Стараюсь справиться с собой:
— Я... за паспортом. Сюда мне, или... Да. Нет. Из Франции. Да. Из Парижа. Паспорт? Советский? Нет, нету. Фамилия? Кострова моя фамилия. Кострова, Марина.
— Не вешайте трубку. Ждите.
Прислонилась спиной к стене. В окно мне видно низкое, темно-свинцовое небо. С крыши деревянного особняка ветер гонит снежную пыль. На скамейке вдоль стены сидят люди.
В трубке зашебаршило. Сердце пошло ходуном.
— Ждите в приемной. — И в ухо забили короткие гудки. Бесшумно кладу на рычажок трубку. Постояла, посмотрела вокруг, где бы приткнуться. Старушка подобрала полу рыжего тулупа, подвинулась: «сядь».
Сидим молча, глядя перед собой в глухую дверь. Время от времени она открывается, на пороге появляется милиционер, пробежав глазами по скамейке, называет нужную ему фамилию, приглашая с собой.
Сунула руки в карманы шубки. Стараюсь согреться. Режет глаза махорочный дым. Хлопают входные двери, люди входят, в овчинных тулупах, в стеганых ватниках, тяжелых валенках. Тысяча девятьсот сорок шестой год...
Люди входят, идут к окошечку, к телефонам и, проходя мимо меня, скашивают взгляд на мои замшевые туфлишки, намокшие и набухшие, распахнутую шубку, непокрытую голову. Глаза в недоумении перебегают на мое лицо.
Военные. Идут в дверь наискосок. На плечах золотые погоны. Дубленые полушубки, шинели...
С жадностью всматриваюсь в четко вылепленные, суровые лица, и неодолимо желание сказать им, какой могучей поддержкой они, воины Советской армии, были нам, томившимся за фашистской проволокой, великой опорой!
Пробежали девушки: туго перетянуты ремнем талии, лихо задвинуты назад ушанки. Провожаю их глазами, и через боль пробивается чувство зависти. Прикрыла глаза, откинулась затылком к стене...
Вчера... Еще только вчера... И уже не было вокруг ни полушубков, ни валенок, ни шинелей — был вокзал и опустевший перрон. Стояла, растерянно озираясь вокруг: Вадим не шел. Ждала. Все-таки ждала. Потом — площадь. Широкая привокзальная площадь, открытая во всех сторон. И песни... Из черной радио-тарелки лились песни. Заглядывала в лица пробегавших мимо меня людей. Ловила обрывки слов. Слова — русские. Лица — русские. Песни — русские. Жадно глядела вокруг. Стены домов в пробоинах. Окна мутные. Много зафанеренных. Москва... А Вадим не шел. Не шла и Тася.

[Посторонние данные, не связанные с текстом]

lemma tangent_gap_has_real_derivative_line:
  assumes "open U" "smooth2_on U f" "x + t *\<^sub>R v \<in> U"
  shows "((\<lambda>t. s * tangent_gap f u0 (x + t *\<^sub>R v)) has_real_derivative
           s * (dir_deriv f (x + t *\<^sub>R v) v - dir_deriv f u0 v)) (at t)"
    and "((\<lambda>t. s * (dir_deriv f (x + t *\<^sub>R v) v - dir_deriv f u0 v)) has_real_derivative
           s * hess_form f (x + t *\<^sub>R v) v) (at t)"
proof -
  have "tangent_gap f u0 (x + t *\<^sub>R v) = f (x + t *\<^sub>R v) - f u0 - dir_deriv f u0 (x - u0) - t * dir_deriv f u0 v"
    for t
    by (simp add: tangent_gap_def dir_deriv_def algebra_simps)
  then show "((\<lambda>t. s * tangent_gap f u0 (x + t *\<^sub>R v)) has_real_derivative
           s * (dir_deriv f (x + t *\<^sub>R v) v - dir_deriv f u0 v)) (at t)"
    by (auto intro!: derivative_eq_intros
        C1_on_has_real_derivative_line[OF assms(1) smooth2_on_imp_C1_on[OF assms(2)] assms(3)])
  show "((\<lambda>t. s * (dir_deriv f (x + t *\<^sub>R v) v - dir_deriv f u0 v)) has_real_derivative
           s * hess_form f (x + t *\<^sub>R v) v) (at t)"
    by (auto intro!: derivative_eq_intros dir_deriv_has_real_derivative_line[OF assms])
qed

lemma tangent_gap_concave_on:
  assumes U: "open U" and f: "smooth2_on U f" and C: "convex C" "C \<subseteq> U"
    and nonpos: "\<And>x v. x \<in> C \<Longrightarrow> s * hess_form f x v \<le> 0"
  shows "concave_on C (\<lambda>u. s * tangent_gap f u0 u)"
proof (rule concave_on_if_segments[OF C(1)])
  fix x y assume xy: "x \<in> C" "y \<in> C"
  show "concave_on {0..1} (\<lambda>t. s * tangent_gap f u0 (x + t *\<^sub>R (y - x)))"
  proof (rule f''_le0_imp_concave)
    fix t :: real assume "t \<in> {0..1}"
    then have t: "x + t *\<^sub>R (y - x) \<in> C" using segment_in_convex[OF C(1) xy] by auto
    then show "s * hess_form f (x + t *\<^sub>R (y - x)) (y - x) \<le> 0" by (rule nonpos)
    from t C(2) show "((\<lambda>t. s * tangent_gap f u0 (x + t *\<^sub>R (y - x))) has_real_derivative
        s * (dir_deriv f (x + t *\<^sub>R (y - x)) (y - x) - dir_deriv f u0 (y - x))) (at t)"
      and "((\<lambda>t. s * (dir_deriv f (x + t *\<^sub>R (y - x)) (y - x) - dir_deriv f u0 (y - x)))
        has_real_derivative s * hess_form f (x + t *\<^sub>R (y - x)) (y - x)) (at t)"
      by (auto intro: tangent_gap_has_real_derivative_line[OF U f])
  qed simp
qed

lemma tangent_gap_neg:
  assumes U: "open U" and f: "smooth2_on U f" and C: "convex C" "C \<subseteq> U" "u0 \<in> C"
    and neg: "\<And>x v. x \<in> C \<Longrightarrow> v \<noteq> 0 \<Longrightarrow> s * hess_form f x v < 0"
    and u: "u \<in> C" "u \<noteq> u0"
  shows "s * tangent_gap f u0 u < 0"
proof -
  have "s * tangent_gap f u0 (u0 + 1 *\<^sub>R (u - u0)) < s * tangent_gap f u0 (u0 + 0 *\<^sub>R (u - u0))"
  proof (rule second_deriv_neg_imp_less)
    fix t :: real assume "0 \<le> t" "t \<le> 1"
    then have t: "u0 + t *\<^sub>R (u - u0) \<in> C" using segment_in_convex[OF C(1,3) u(1)] by blast
    then show "s * hess_form f (u0 + t *\<^sub>R (u - u0)) (u - u0) < 0" using neg u(2) by simp
    from t C(2) show "((\<lambda>t. s * tangent_gap f u0 (u0 + t *\<^sub>R (u - u0))) has_real_derivative
        s * (dir_deriv f (u0 + t *\<^sub>R (u - u0)) (u - u0) - dir_deriv f u0 (u - u0))) (at t)"
      and "((\<lambda>t. s * (dir_deriv f (u0 + t *\<^sub>R (u - u0)) (u - u0) - dir_deriv f u0 (u - u0)))
        has_real_derivative s * hess_form f (u0 + t *\<^sub>R (u - u0)) (u - u0)) (at t)"
      by (auto intro: tangent_gap_has_real_derivative_line[OF U f])
  qed simp
  then show ?thesis by simp
qed

lemma tangent_gap_superlevel_disc:
  assumes U: "open U" and f: "smooth2_on U f" and u0: "u0 \<in> U" and K: "hess_det f u0 > 0"
  obtains s \<delta> \<Omega> where "s = 1 \<or> s = -1" "\<delta> > 0" "\<Omega> \<subseteq> U" "compact \<Omega>" "convex \<Omega>" "interior \<Omega> \<noteq> {}"
    "\<And>u. u \<in> \<Omega> \<Longrightarrow> - \<delta> \<le> s * tangent_gap f u0 u"
    "\<And>u. u \<in> \<Omega> \<Longrightarrow> u \<in> interior \<Omega> \<longleftrightarrow> - \<delta> < s * tangent_gap f u0 u"
proof -
  obtain s r where s: "s = 1 \<or> s = -1" and r: "r > 0" "cball u0 r \<subseteq> U"
    and neg: "\<And>x v. x \<in> cball u0 r \<Longrightarrow> v \<noteq> 0 \<Longrightarrow> s * hess_form f x v < 0"
    using hess_form_definite_near[OF U f u0 K] by blast
  have "continuous_on U f" using smooth2_on_imp_C1_on[OF f] by (simp add: C1_on_def)
  then have cont: "continuous_on (cball u0 r) (\<lambda>u. s * tangent_gap f u0 u)"
    by (intro continuous_on_mult_left continuous_on_subset[OF continuous_on_tangent_gap r(2)])
  have "s * hess_form f x v \<le> 0" if "x \<in> cball u0 r" for x v
    using neg[OF that, of v] by (cases "v = 0") auto
  then have conc: "concave_on (cball u0 r) (\<lambda>u. s * tangent_gap f u0 u)"
    by (rule tangent_gap_concave_on[OF U f convex_cball r(2)])
  have smax: "s * tangent_gap f u0 u < s * tangent_gap f u0 u0" if "u \<in> cball u0 r" "u \<noteq> u0" for u
    using tangent_gap_neg[OF U f convex_cball r(2) _ neg that] r(1) by simp
  from concave_strict_max_superlevel_disc[OF r(1) cont conc smax]
  obtain \<delta> \<Omega> where \<delta>: "\<delta> > 0" and \<Omega>: "\<Omega> \<subseteq> cball u0 r" "compact \<Omega>" "convex \<Omega>" "u0 \<in> interior \<Omega>"
    and lo: "\<And>u. u \<in> \<Omega> \<Longrightarrow> s * tangent_gap f u0 u0 - \<delta> \<le> s * tangent_gap f u0 u"
    and ic: "\<And>u. u \<in> \<Omega> \<Longrightarrow> u \<in> interior \<Omega> \<longleftrightarrow> s * tangent_gap f u0 u0 - \<delta> < s * tangent_gap f u0 u"
    by blast
  show ?thesis
  proof (rule that[of s \<delta> \<Omega>])
    show "\<Omega> \<subseteq> U" using \<Omega>(1) r(2) by blast
    show "interior \<Omega> \<noteq> {}" using \<Omega>(4) by blast
    show "- \<delta> \<le> s * tangent_gap f u0 u" if "u \<in> \<Omega>" for u using lo[OF that] by simp
    show "u \<in> interior \<Omega> \<longleftrightarrow> - \<delta> < s * tangent_gap f u0 u" if "u \<in> \<Omega>" for u using ic[OF that] by simp
  qed (use s \<delta> \<Omega> in auto)
qed

section \<open>Graphs in space\<close>

lemma mk3_nth [simp]: "mk3 x y z $ 1 = x" "mk3 x y z $ 2 = y" "mk3 x y z $ 3 = z"
  by (simp_all add: mk3_def)

lemma inner_mk3: "b \<bullet> mk3 x y z = b $ 1 * x + b $ 2 * y + b $ 3 * z"
  by (simp add: inner_vec_def sum_3)

lemma norm_mk3: "(norm (mk3 x y z))\<^sup>2 = x\<^sup>2 + y\<^sup>2 + z\<^sup>2"
  unfolding power2_norm_eq_inner inner_mk3 by (simp add: power2_eq_square)

definition graph_proj :: "(real^3 \<Rightarrow> real^3) \<Rightarrow> real^3 \<Rightarrow> real \<times> real" where
  "graph_proj g x = (inv g x $ 1, inv g x $ 2)"

lemma graph_proj_graph_emb:
  assumes "orthogonal_transformation g"
  shows "graph_proj g (graph_emb g f u) = u"
  using orthogonal_transformation_inj[OF assms] by (simp add: graph_proj_def graph_emb_def)

lemma inj_on_graph_emb: "orthogonal_transformation g \<Longrightarrow> inj_on (graph_emb g f) A"
  by (metis inj_onI graph_proj_graph_emb)

lemma continuous_on_graph_proj:
  assumes "orthogonal_transformation g"
  shows "continuous_on A (graph_proj g)"
proof -
  have "bounded_linear (inv g)"
    using orthogonal_transformation_linear[OF orthogonal_transformation_inv[OF assms]]
    by (simp add: linear_conv_bounded_linear)
  then have "continuous_on A (\<lambda>x. inv g x $ i)" for i
    by (intro linear_continuous_on bounded_linear_compose[OF bounded_linear_vec_nth])
  then show ?thesis unfolding graph_proj_def by (intro continuous_on_Pair)
qed

lemma continuous_on_graph_emb:
  assumes g: "orthogonal_transformation g" and f: "continuous_on A f"
  shows "continuous_on A (graph_emb g f)"
proof -
  have "continuous_on A (\<lambda>u. mk3 (fst u) (snd u) (f u))"
    unfolding mk3_def
  proof (intro continuous_on_vec_lambda allI)
    fix i :: 3
    show "continuous_on A (\<lambda>u. if i = 1 then fst u else if i = 2 then snd u else f u)"
      by (cases "i = 1"; cases "i = 2") (auto intro!: continuous_intros f)
  qed
  moreover have "continuous_on UNIV g"
    using orthogonal_transformation_linear[OF g]
    by (simp add: linear_continuous_on linear_conv_bounded_linear)
  ultimately show ?thesis
    unfolding graph_emb_def using continuous_on_compose2 by blast
qed

lemma inner_graph_emb:
  "orthogonal_transformation g \<Longrightarrow> g b \<bullet> graph_emb g f u = b \<bullet> mk3 (fst u) (snd u) (f u)"
  by (simp add: graph_emb_def orthogonal_transformation_def)

lemma norm_graph_emb:
  "orthogonal_transformation g \<Longrightarrow> (norm (graph_emb g f u))\<^sup>2 = (fst u)\<^sup>2 + (snd u)\<^sup>2 + (f u)\<^sup>2"
  by (simp add: graph_emb_def orthogonal_transformation_norm norm_mk3)

lemma gauss_curv_pos_iff: "gauss_curv f u > 0 \<longleftrightarrow> hess_det f u > 0"
proof -
  have "1 + (pd True f u)\<^sup>2 + (pd False f u)\<^sup>2 > 0" by (simp add: add_pos_nonneg)
  then have "(1 + (pd True f u)\<^sup>2 + (pd False f u)\<^sup>2)\<^sup>2 > 0" by simp
  then show ?thesis unfolding gauss_curv_def hess_det_def by (simp add: zero_less_divide_iff)
qed

text \<open>Invariance of domain: the chart coordinates of the disc near an interior point form an open set.\<close>
lemma graph_chart_ball_in_disc:
  assumes hom: "homeomorphism (cball (0::real \<times> real) 1) D h k" and DS: "D \<subseteq> S"
    and lg: "local_graph S g U f V" and z0: "z0 \<in> ball 0 1" "h z0 \<in> V"
  obtains u0 r where "u0 \<in> U" "graph_emb g f u0 = h z0" "r > 0" "ball u0 r \<subseteq> U"
    "graph_emb g f ` ball u0 r \<subseteq> D"
proof -
  have g: "orthogonal_transformation g" and SV: "S \<inter> V = graph_emb g f ` U" and V: "open V"
    using lg by (auto simp: local_graph_def)
  have hD: "h ` cball 0 1 = D" and ch: "continuous_on (cball 0 1) h"
    and kh: "\<And>z. z \<in> cball 0 1 \<Longrightarrow> k (h z) = z"
    using hom by (auto simp: homeomorphism_def)
  define W where "W = ball 0 1 \<inter> h -` V"
  have "open W"
    unfolding W_def by (rule continuous_open_preimage[OF continuous_on_subset[OF ch ball_subset_cball] open_ball V])
  define \<Theta> where "\<Theta> = graph_proj g \<circ> h"
  have emb: "graph_emb g f (\<Theta> z) = h z \<and> \<Theta> z \<in> U" if "z \<in> W" for z
  proof -
    have "h z \<in> S \<inter> V" using that hD DS by (auto simp: W_def)
    then show ?thesis using SV by (auto simp: \<Theta>_def graph_proj_graph_emb[OF g])
  qed
  have "W \<subseteq> cball 0 1" by (auto simp: W_def)
  then have "continuous_on W \<Theta>"
    unfolding \<Theta>_def by (rule continuous_on_compose[OF continuous_on_subset[OF ch] continuous_on_graph_proj[OF g]])
  moreover have "inj_on \<Theta> W"
  proof (rule inj_onI)
    fix z z' assume z: "z \<in> W" "z' \<in> W" "\<Theta> z = \<Theta> z'"
    then have "k (h z) = k (h z')" using emb by metis
    then show "z = z'" using kh z by (auto simp: W_def)
  qed
  ultimately have "open (\<Theta> ` W)" using invariance_of_domain \<open>open W\<close> by blast
  moreover have "z0 \<in> W" using z0 by (simp add: W_def)
  ultimately obtain r where r: "r > 0" "ball (\<Theta> z0) r \<subseteq> \<Theta> ` W"
    using open_contains_ball by blast
  show ?thesis
  proof (rule that[of "\<Theta> z0" r])
    show "\<Theta> z0 \<in> U" "graph_emb g f (\<Theta> z0) = h z0" using emb \<open>z0 \<in> W\<close> by auto
    show "ball (\<Theta> z0) r \<subseteq> U" using r(2) emb by auto
    show "graph_emb g f ` ball (\<Theta> z0) r \<subseteq> D" using r(2) emb hD by (force simp: W_def)
  qed fact
qed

Старик милиционер взглянул на меня, потом в мой листок с адресами и опять на меня. Брови сдвинулись: «Сокольники... куда это, на ночь глядя, в Сокольники...» — и, громко чеканя каждое слово, как говорят обычно с иностранцем:
— Не надо в Сокольники. Сокольники — это далеко. Скоро ночь. Надо в Старо-Пименовский. Тут он, переулок, близко. Рядом остановка троллейбуса, вон, где люди стоят. Скажешь кондуктору — «до Старого Пимена». Иди, не бойся, каждый скажет. Оно и дойти-то... — Взглянул на мои ноги и покачал головой. От стариковского этого «ты» потянуло чем-то добрым и родным и стало не так страшно.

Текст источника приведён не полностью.